** Required work **
Each line from the one containing "j ** \<rho> ** adj" through the end of the data below is to be output verbatim, with no lines added or left out.

** Data in this exercise **
(* In the multi-parameter setting described in the context, $H(\theta)\le C_\Upsilon(\theta)$ as $m\times m$ real symmetric matrices, i.e. $v^TH(\theta)v\le v^TC_\Upsilon(\theta)v$ for all $v\in\mathbb{R}^m$.
   Context: A multi-parameter quantum channel on density matrices on $\mathbb{C}^d$ is $\rho_0\mapsto\sum_kE_k(\theta)\rho_0E_k(\theta)^\dagger$ with $\theta=(\theta^1,\dots,\theta^m)\in\mathbb{R}^m$, Kraus operators differentiable in $\theta$, $\sum_kE_k^\dagger E_k=I$. The input is a fixed pure state $\rho_0=|\psi_0\rangle\langle\psi_0|$. Canonical Kraus operators $\{\Upsilon_k(\theta)\}_{k=1}^d$: a differentiable Kraus representation of the same channel with $\mathrm{tr}\{\Upsilon_k\rho_0\Upsilon_j^\dagger\}=\delta_{jk}p_k(\theta)$; the output is $\rho_{out}(\theta)=\sum_kp_k(\theta)|w_k(\theta)\rangle\langle w_k(\theta)|$ with $\{|w_k(\theta)\rangle\}$ an orthonormal basis differentiable in $\theta$ and $|w_k\rangle=p_k^{-1/2}\Upsilon_k|\psi_0\rangle$ when $p_k>0$. Write $X^{(j)}=\partial X/\partial\theta^j$. The multi-parameter SM bound is the matrix $C_\Upsilon(\theta)_{jk}=4\sum_l\mathrm{Re}\,\mathrm{tr}\{\Upsilon_l^{(j)}\rho_0\Upsilon_l^{(k)\dagger}\}$. The SLD quantum information matrix is $H(\theta)_{jk}=\mathrm{Re}\,\mathrm{tr}\{\lambda^{(j)}\rho_{out}\lambda^{(k)}\}$, where $\lambda^{(j)}$ is a self-adjoint solution of $\partial\rho_{out}/\partial\theta^j=\frac12(\rho_{out}\lambda^{(j)}+\lambda^{(j)}\rho_{out})$. *)

theory Defs
  imports "HOL-Analysis.Analysis"
begin


definition adj :: "complex^'d^'d \<Rightarrow> complex^'d^'d" where
  "adj A = (\<chi> i j. cnj (A $ j $ i))"

definition cinner :: "complex^'d \<Rightarrow> complex^'d \<Rightarrow> complex" where
  "cinner u v = (\<Sum>i\<in>UNIV. cnj (u $ i) * v $ i)"

definition ketbra :: "complex^'d \<Rightarrow> complex^'d \<Rightarrow> complex^'d^'d" where
  "ketbra u v = (\<chi> i j. u $ i * cnj (v $ j))"

definition pderiv :: "(real^'m \<Rightarrow> 'a::real_normed_vector) \<Rightarrow> real^'m \<Rightarrow> 'm \<Rightarrow> 'a" where
  "pderiv f \<theta> j = frechet_derivative f (at \<theta>) (axis j 1)"

definition kraus_apply :: "('k::finite \<Rightarrow> complex^'d^'d) \<Rightarrow> complex^'d^'d \<Rightarrow> complex^'d^'d" where
  "kraus_apply K \<rho> = (\<Sum>k\<in>UNIV. K k ** \<rho> ** adj (K k))"

definition SM_bound :: "('d::finite \<Rightarrow> real^'m \<Rightarrow> complex^'d^'d) \<Rightarrow> complex^'d^'d \<Rightarrow> real^'m \<Rightarrow> real^'m^'m" where
  "SM_bound U \<rho>0 \<theta> = (\<chi> j k. 4 * (\<Sum>l\<in>UNIV.
       Re (trace (pderiv (U l) \<theta> j ** \<rho>0 ** adj (pderiv (U l) \<theta> k)))))"

definition SLD_info :: "('m::finite \<Rightarrow> complex^'d^'d) \<Rightarrow> complex^'d^'d \<Rightarrow> real^'m^'m" where
  "SLD_info L \<rho> = (\<chi> j k. Re (trace (L j ** \<rho> ** L k)))"

end

theory Submission imports Defs begin

text \<open>For \<open>v \<in> \<real>\<^sup>m\<close> put \<open>\<Lambda> = \<Sum>\<^sub>j v\<^sub>j \<lambda>\<^sub>j\<close> and \<open>X\<^sub>l = \<Sum>\<^sub>j v\<^sub>j \<partial>\<^sub>j \<Upsilon>\<^sub>l\<close>. Then
  \<open>v\<^sup>T H v = tr (\<Lambda> \<rho> \<Lambda>) = \<Sum>\<^sub>l |a\<^sub>l|\<^sup>2\<close> with \<open>a\<^sub>l = \<Lambda> \<Upsilon>\<^sub>l \<psi>\<^sub>0\<close>, and
  \<open>v\<^sup>T C\<^sub>\<Upsilon> v = 4 \<Sum>\<^sub>l |X\<^sub>l \<psi>\<^sub>0|\<^sup>2\<close>. Differentiating \<open>\<rho> = \<Sum>\<^sub>l \<Upsilon>\<^sub>l \<rho>\<^sub>0 \<Upsilon>\<^sub>l\<^sup>\<dagger>\<close> in direction
  \<open>v\<close> and pairing the SLD equation with \<open>\<Lambda>\<close> gives
  \<open>tr (\<Lambda> \<rho> \<Lambda>) = 2 \<Sum>\<^sub>l Re \<langle>X\<^sub>l \<psi>\<^sub>0, a\<^sub>l\<rangle> \<le> \<Sum>\<^sub>l (|a\<^sub>l|\<^sup>2 / 2 + 2 |X\<^sub>l \<psi>\<^sub>0|\<^sup>2)\<close>,
  and absorbing the first term on the right gives the claim.\<close>

lemma adj_add: "adj (A + B) = adj A + adj B"
  by (simp add: adj_def vec_eq_iff)

lemma adj_scaleR: "adj (r *\<^sub>R A) = r *\<^sub>R adj A"
  by (simp add: adj_def vec_eq_iff)

lemma adj_matrix_mult: "adj (A ** B) = adj B ** adj A"
  by (simp add: adj_def vec_eq_iff matrix_matrix_mult_def mult.commute)

lemma adj_sum: "adj (\<Sum>i\<in>S. f i) = (\<Sum>i\<in>S. adj (f i))"
  by (induction S rule: infinite_finite_induct) (auto simp: adj_add adj_def vec_eq_iff)

lemma matrix_add_rdistrib: "(A + B) ** (C :: 'a::semiring_1^'n^'p) = A ** C + B ** C"
  by (simp add: vec_eq_iff matrix_matrix_mult_def distrib_right sum.distrib)

lemma matrix_sum_rdistrib: "(\<Sum>i\<in>S. f i) ** (B :: 'a::semiring_1^'n^'p) = (\<Sum>i\<in>S. f i ** B)"
  by (induction S rule: infinite_finite_induct) (auto simp: matrix_add_rdistrib)

lemma matrix_sum_ldistrib: "(B :: 'a::semiring_1^'n^'p) ** (\<Sum>i\<in>S. f i) = (\<Sum>i\<in>S. B ** f i)"
  by (induction S rule: infinite_finite_induct) (auto simp: matrix_add_ldistrib)

lemma trace_scaleR: "trace (r *\<^sub>R (A :: 'a::real_algebra_1^'n^'n)) = r *\<^sub>R trace A"
  by (simp add: trace_def scaleR_sum_right)

lemma trace_sum: "trace (\<Sum>i\<in>S. (f i :: 'a::comm_semiring_1^'n^'n)) = (\<Sum>i\<in>S. trace (f i))"
  by (induction S rule: infinite_finite_induct) (auto simp: trace_add trace_0[unfolded mat_0])

lemma sum_matrix_vector_mult: "(\<Sum>i\<in>S. A i) *v x = (\<Sum>i\<in>S. A i *v x)"
  by (induction S rule: infinite_finite_induct) (auto simp: matrix_vector_mult_add_rdistrib)

lemma bounded_bilinear_sandwich: "bounded_bilinear (\<lambda>A C. A ** R ** adj (C :: complex^'d^'d))"
proof -
  have "bilinear (\<lambda>A C. A ** R ** adj (C :: complex^'d^'d))"
    unfolding bilinear_def
    by (auto intro!: linearI simp: matrix_add_rdistrib matrix_add_ldistrib adj_add adj_scaleR
        scalar_matrix_assoc matrix_scalar_ac)
  then show ?thesis
    by (rule bilinear_conv_bounded_bilinear[THEN iffD1])
qed

lemma trace_sandwich_ketbra: "trace (A ** ketbra \<psi> \<psi> ** adj C) = cinner (C *v \<psi>) (A *v \<psi>)"
proof -
  have "trace (A ** ketbra \<psi> \<psi> ** adj C)
      = (\<Sum>i\<in>UNIV. \<Sum>b\<in>UNIV. \<Sum>c\<in>UNIV. A$i$c * \<psi>$c * cnj (\<psi>$b) * cnj (C$i$b))"
    unfolding trace_def ketbra_def adj_def matrix_matrix_mult_def
    by (simp add: sum_distrib_right sum_distrib_left mult_ac)
  also have "\<dots> = cinner (C *v \<psi>) (A *v \<psi>)"
    unfolding cinner_def matrix_vector_mult_def
    by (simp add: sum_product mult_ac, rule sum.cong, simp, rule sum.swap)
  finally show ?thesis .
qed

lemma cinner_cross_le: "Re (cinner x a + cinner a x) \<le> 1/2 * Re (cinner a a) + 2 * Re (cinner x x)"
proof -
  have "Re (cnj (x$i) * a$i + cnj (a$i) * x$i) \<le> 1/2 * Re (cnj (a$i) * a$i) + 2 * Re (cnj (x$i) * x$i)"
    for i
  proof -
    have "0 \<le> (Re (a$i) - 2 * Re (x$i))\<^sup>2 + (Im (a$i) - 2 * Im (x$i))\<^sup>2"
      by simp
    then show ?thesis
      by (simp add: algebra_simps power2_eq_square)
  qed
  then have "(\<Sum>i\<in>UNIV. Re (cnj (x$i) * a$i + cnj (a$i) * x$i))
      \<le> (\<Sum>i\<in>UNIV. 1/2 * Re (cnj (a$i) * a$i) + 2 * Re (cnj (x$i) * x$i))"
    by (rule sum_mono)
  then show ?thesis
    unfolding cinner_def Re_sum[symmetric] sum.distrib[symmetric]
    by (simp only: Re_sum sum.distrib sum_distrib_left)
qed

lemma sum_scaleR_pderiv:
  assumes "f differentiable (at \<theta>)"
  shows "(\<Sum>j\<in>UNIV. v$j *\<^sub>R pderiv f \<theta> j) = frechet_derivative f (at \<theta>) v"
proof -
  have "linear (frechet_derivative f (at \<theta>))"
    using assms frechet_derivative_works has_derivative_linear by blast
  then have "frechet_derivative f (at \<theta>) (\<Sum>j\<in>UNIV. v$j *\<^sub>R axis j 1)
      = (\<Sum>j\<in>UNIV. v$j *\<^sub>R frechet_derivative f (at \<theta>) (axis j 1))"
    by (simp add: linear_sum linear_scale)
  then show ?thesis
    by (simp add: pderiv_def basis_expansion flip: scalar_mult_eq_scaleR)
qed

lemma frechet_derivative_kraus_apply:
  assumes "\<And>l. K l differentiable (at \<theta>)"
  shows kraus_apply_differentiable: "(\<lambda>t. kraus_apply (\<lambda>l. K l t) \<rho>) differentiable (at \<theta>)"
    and "frechet_derivative (\<lambda>t. kraus_apply (\<lambda>l. K l t) \<rho>) (at \<theta>) h
      = (\<Sum>l\<in>UNIV. K l \<theta> ** \<rho> ** adj (frechet_derivative (K l) (at \<theta>) h)
          + frechet_derivative (K l) (at \<theta>) h ** \<rho> ** adj (K l \<theta>))"
proof -
  have "((\<lambda>t. kraus_apply (\<lambda>l. K l t) \<rho>) has_derivative
      (\<lambda>h. \<Sum>l\<in>UNIV. K l \<theta> ** \<rho> ** adj (frechet_derivative (K l) (at \<theta>) h)
        + frechet_derivative (K l) (at \<theta>) h ** \<rho> ** adj (K l \<theta>))) (at \<theta>)"
    unfolding kraus_apply_def
    by (intro has_derivative_sum bounded_bilinear.FDERIV[OF bounded_bilinear_sandwich]
        frechet_derivative_works[THEN iffD1] assms)
  then show "(\<lambda>t. kraus_apply (\<lambda>l. K l t) \<rho>) differentiable (at \<theta>)"
    and "frechet_derivative (\<lambda>t. kraus_apply (\<lambda>l. K l t) \<rho>) (at \<theta>) h
      = (\<Sum>l\<in>UNIV. K l \<theta> ** \<rho> ** adj (frechet_derivative (K l) (at \<theta>) h)
          + frechet_derivative (K l) (at \<theta>) h ** \<rho> ** adj (K l \<theta>))"
    by (auto intro: differentiableI simp: frechet_derivative_at[symmetric])
qed

lemma quadratic_form_sandwich:
  fixes P :: "'m::finite \<Rightarrow> complex^'d^'d"
  shows "v \<bullet> ((\<chi> j k. Re (trace (P j ** R ** adj (P k)))) *v v)
    = Re (trace ((\<Sum>j\<in>UNIV. v$j *\<^sub>R P j) ** R ** adj (\<Sum>k\<in>UNIV. v$k *\<^sub>R P k)))"
proof -
  interpret sandwich: bounded_bilinear "\<lambda>A C. A ** R ** adj (C :: complex^'d^'d)"
    by (rule bounded_bilinear_sandwich)
  have "v \<bullet> ((\<chi> j k. Re (trace (P j ** R ** adj (P k)))) *v v)
      = (\<Sum>j\<in>UNIV. \<Sum>k\<in>UNIV. (v$k * v$j) * Re (trace (P j ** R ** adj (P k))))"
    by (simp add: inner_vec_def matrix_vector_mult_def sum_distrib_left mult_ac)
  also have "\<dots> = (\<Sum>k\<in>UNIV. \<Sum>j\<in>UNIV. (v$k * v$j) * Re (trace (P j ** R ** adj (P k))))"
    by (rule sum.swap)
  also have "\<dots> = Re (trace ((\<Sum>j\<in>UNIV. v$j *\<^sub>R P j) ** R ** adj (\<Sum>k\<in>UNIV. v$k *\<^sub>R P k)))"
    by (simp only: sandwich.sum_left sandwich.sum_right sandwich.scaleR_left sandwich.scaleR_right
        scaleR_sum_right scaleR_scaleR trace_sum trace_scaleR Re_sum scaleR_complex.sel(1))
  finally show ?thesis .
qed

lemma quadratic_form_SLD_info:
  assumes "\<And>j. adj (L j) = L j"
  shows "v \<bullet> (SLD_info L \<rho> *v v)
    = Re (trace ((\<Sum>j\<in>UNIV. v$j *\<^sub>R L j) ** \<rho> ** (\<Sum>j\<in>UNIV. v$j *\<^sub>R L j)))"
proof -
  have "SLD_info L \<rho> = (\<chi> j k. Re (trace (L j ** \<rho> ** adj (L k))))"
    by (simp add: SLD_info_def assms)
  moreover have "adj (\<Sum>j\<in>UNIV. v$j *\<^sub>R L j) = (\<Sum>j\<in>UNIV. v$j *\<^sub>R L j)"
    by (simp add: adj_sum adj_scaleR assms)
  ultimately show ?thesis
    using quadratic_form_sandwich[of v L \<rho>] by simp
qed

** Exercise output **
  have "SLD_info L \<rho> = (\<chi> j k. Re (trace (L j ** \<rho> ** adj (L k))))"
    by (simp add: SLD_info_def assms)
  moreover have "adj (\<Sum>j\<in>UNIV. v$j *\<^sub>R L j) = (\<Sum>j\<in>UNIV. v$j *\<^sub>R L j)"
    by (simp add: adj_sum adj_scaleR assms)
  ultimately show ?thesis
    using quadratic_form_sandwich[of v L \<rho>] by simp
qed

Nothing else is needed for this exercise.